- [Requirement] From the records below, set down exactly the lines starting with the line that contains "assms(3) by auto" and going on through the line that contains "1)) t) \<and>". Nothing else is wanted.

** Available records follows **

lemma cdist_sorted_list_of_set_next:
  assumes "S \<subseteq> {1..N}"
  defines "xs \<equiv> sorted_list_of_set S"
  assumes "l < length xs" "c \<in> S" "c \<noteq> xs ! l"
  shows "cdist N (xs ! l) (xs ! (Suc l mod length xs)) \<le> cdist N (xs ! l) c"
proof -
  have "finite S" using assms(1) finite_subset by blast
  then have set_xs: "set xs = S" and sorted: "sorted_wrt (<) xs"
    by (simp_all add: xs_def)
  have less: "xs ! p < xs ! q" if "p < q" "q < length xs" for p q
    using sorted that by (simp add: sorted_wrt_iff_nth_less)
  have range: "xs ! p \<in> {1..N}" if "p < length xs" for p
    using that set_xs assms(1) nth_mem by blast
  obtain p where p: "p < length xs" "c = xs ! p" using assms(4) set_xs by (metis in_set_conv_nth)
  then have "p \<noteq> l" using assms(5) by blast
  show ?thesis
  proof (cases "Suc l < length xs")
    case True
    then have "xs ! l < xs ! Suc l" using less by blast
    moreover have "p < l \<or> p = Suc l \<or> Suc l < p" using \<open>p \<noteq> l\<close> by linarith
    then have "xs ! Suc l \<le> c \<or> c < xs ! l"
      using less[of "Suc l" p] less[of p l] p assms(3) by auto
    ultimately show ?thesis
      using True p range[of l] range[of "Suc l"] range[of p] cdist_eq[of "xs ! l" N]
      by (auto split: if_splits)
  next
    case False
    then have "Suc l = length xs" using assms(3) by simp
    then have "xs ! 0 \<le> c" "c < xs ! l"
      using less[of 0 p] less[of p l] p \<open>p \<noteq> l\<close> assms(3) by (cases "p = 0", auto)
    moreover have "0 < length xs" using assms(3) by linarith
    then have "xs ! l \<in> {1..N}" "xs ! 0 \<in> {1..N}" "c \<in> {1..N}"
      using range assms(3) p by blast+
    ultimately show ?thesis
      using \<open>Suc l = length xs\<close> cdist_eq[of "xs ! l" N] by auto
  qed
qed

lemma cint_ho_sorted_survivors_subset_Dset:
  assumes "2 \<le> N" "valid_run N v G A" "t \<in> {1..N}"
  defines "xs \<equiv> sorted_list_of_set (A t)"
  assumes "l < length xs"
  shows "cint_ho N (xs ! l) (xs ! (Suc l mod length xs)) \<subseteq> Dset N v G (xs ! l) t"
proof (rule cint_ho_subset_Dset_next_survivor[OF assms(1-3)])
  have A_t: "A t \<subseteq> {1..N}" using valid_run_subset[OF assms(2)] assms(3) by simp
  then have set_xs: "set xs = A t" using finite_subset[OF A_t] by (simp add: xs_def)
  have "Suc l mod length xs < length xs" using assms(5) by (intro mod_less_divisor) linarith
  then show "xs ! l \<in> A t" "xs ! (Suc l mod length xs) \<in> A t"
    using assms(5) set_xs nth_mem by blast+
  show "cdist N (xs ! l) (xs ! (Suc l mod length xs)) \<le> cdist N (xs ! l) c"
    if "c \<in> A t" "c \<noteq> xs ! l" for c
    using cdist_sorted_list_of_set_next[OF A_t, folded xs_def] assms(5) that .
qed

theorem lemma10:
  fixes V :: "'a set" and E :: "'a set set" and r :: 'a and v :: "nat \<Rightarrow> 'a"
    and G :: "nat \<Rightarrow> 'a set set" and A :: "nat \<Rightarrow> nat set" and n k N t :: nat
  assumes "n \<ge> 2" and "card V = n"
    and "is_tree V E"
    and "N = 2 * (n - 1)"
    and "dfs_tour V E r v"
    and "\<And>t. t \<in> {1..N} \<Longrightarrow> is_graph V (G t) \<and> card (E - G t) \<le> k"
    and "valid_run N v G A"
    and "t \<in> {1..N}"
  shows "let xs = sorted_list_of_set (A t); s = length xs in
           (\<forall>l\<in>{1..s - 1}. cint_ho N (xs ! (l - 1)) (xs ! l) \<subseteq> Dset N v G (xs ! (l - 1)) t) \<and>
           cint_ho N (xs ! (s - 1)) (xs ! 0) \<subseteq> Dset N v G (xs ! (s - 1)) t"
proof -
  have N: "2 \<le> N" using assms(1,4) by simp
  define xs where "xs = sorted_list_of_set (A t)"
  note next_subset = cint_ho_sorted_survivors_subset_Dset[OF N assms(7,8), folded xs_def]
  show ?thesis
    unfolding Let_def xs_def[symmetric]
  proof (intro conjI ballI)
    fix l assume "l \<in> {1..length xs - 1}"
    then have "l - 1 < length xs" "Suc (l - 1) = l" "l < length xs" by auto
    then show "cint_ho N (xs ! (l - 1)) (xs ! l) \<subseteq> Dset N v G (xs ! (l - 1)) t"
      using next_subset[of "l - 1"] by simp
  next
    show "cint_ho N (xs ! (length xs - 1)) (xs ! 0) \<subseteq> Dset N v G (xs ! (length xs - 1)) t"
      using next_subset[of "length xs - 1"] by (cases xs) (simp_all add: cint_ho_self)
  qed
qed

end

** End of Available records **

- [Task output]
      using less[of "Suc l" p] less[of p l] p assms(3) by auto
    ultimately show ?thesis
      using True p range[of l] range[of "Suc l"] range[of p] cdist_eq[of "xs ! l" N]
      by (auto split: if_splits)
  next
    case False
    then have "Suc l = length xs" using assms(3) by simp
    then have "xs ! 0 \<le> c" "c < xs ! l"
      using less[of 0 p] less[of p l] p \<open>p \<noteq> l\<close> assms(3) by (cases "p = 0", auto)
    moreover have "0 < length xs" using assms(3) by linarith
    then have "xs ! l \<in> {1..N}" "xs ! 0 \<in> {1..N}" "c \<in> {1..N}"
      using range assms(3) p by blast+
    ultimately show ?thesis
      using \<open>Suc l = length xs\<close> cdist_eq[of "xs ! l" N] by auto
  qed
qed

lemma cint_ho_sorted_survivors_subset_Dset:
  assumes "2 \<le> N" "valid_run N v G A" "t \<in> {1..N}"
  defines "xs \<equiv> sorted_list_of_set (A t)"
  assumes "l < length xs"
  shows "cint_ho N (xs ! l) (xs ! (Suc l mod length xs)) \<subseteq> Dset N v G (xs ! l) t"
proof (rule cint_ho_subset_Dset_next_survivor[OF assms(1-3)])
  have A_t: "A t \<subseteq> {1..N}" using valid_run_subset[OF assms(2)] assms(3) by simp
  then have set_xs: "set xs = A t" using finite_subset[OF A_t] by (simp add: xs_def)
  have "Suc l mod length xs < length xs" using assms(5) by (intro mod_less_divisor) linarith
  then show "xs ! l \<in> A t" "xs ! (Suc l mod length xs) \<in> A t"
    using assms(5) set_xs nth_mem by blast+
  show "cdist N (xs ! l) (xs ! (Suc l mod length xs)) \<le> cdist N (xs ! l) c"
    if "c \<in> A t" "c \<noteq> xs ! l" for c
    using cdist_sorted_list_of_set_next[OF A_t, folded xs_def] assms(5) that .
qed

theorem lemma10:
  fixes V :: "'a set" and E :: "'a set set" and r :: 'a and v :: "nat \<Rightarrow> 'a"
    and G :: "nat \<Rightarrow> 'a set set" and A :: "nat \<Rightarrow> nat set" and n k N t :: nat
  assumes "n \<ge> 2" and "card V = n"
    and "is_tree V E"
    and "N = 2 * (n - 1)"
    and "dfs_tour V E r v"
    and "\<And>t. t \<in> {1..N} \<Longrightarrow> is_graph V (G t) \<and> card (E - G t) \<le> k"
    and "valid_run N v G A"
    and "t \<in> {1..N}"
  shows "let xs = sorted_list_of_set (A t); s = length xs in
           (\<forall>l\<in>{1..s - 1}. cint_ho N (xs ! (l - 1)) (xs ! l) \<subseteq> Dset N v G (xs ! (l - 1)) t) \<and>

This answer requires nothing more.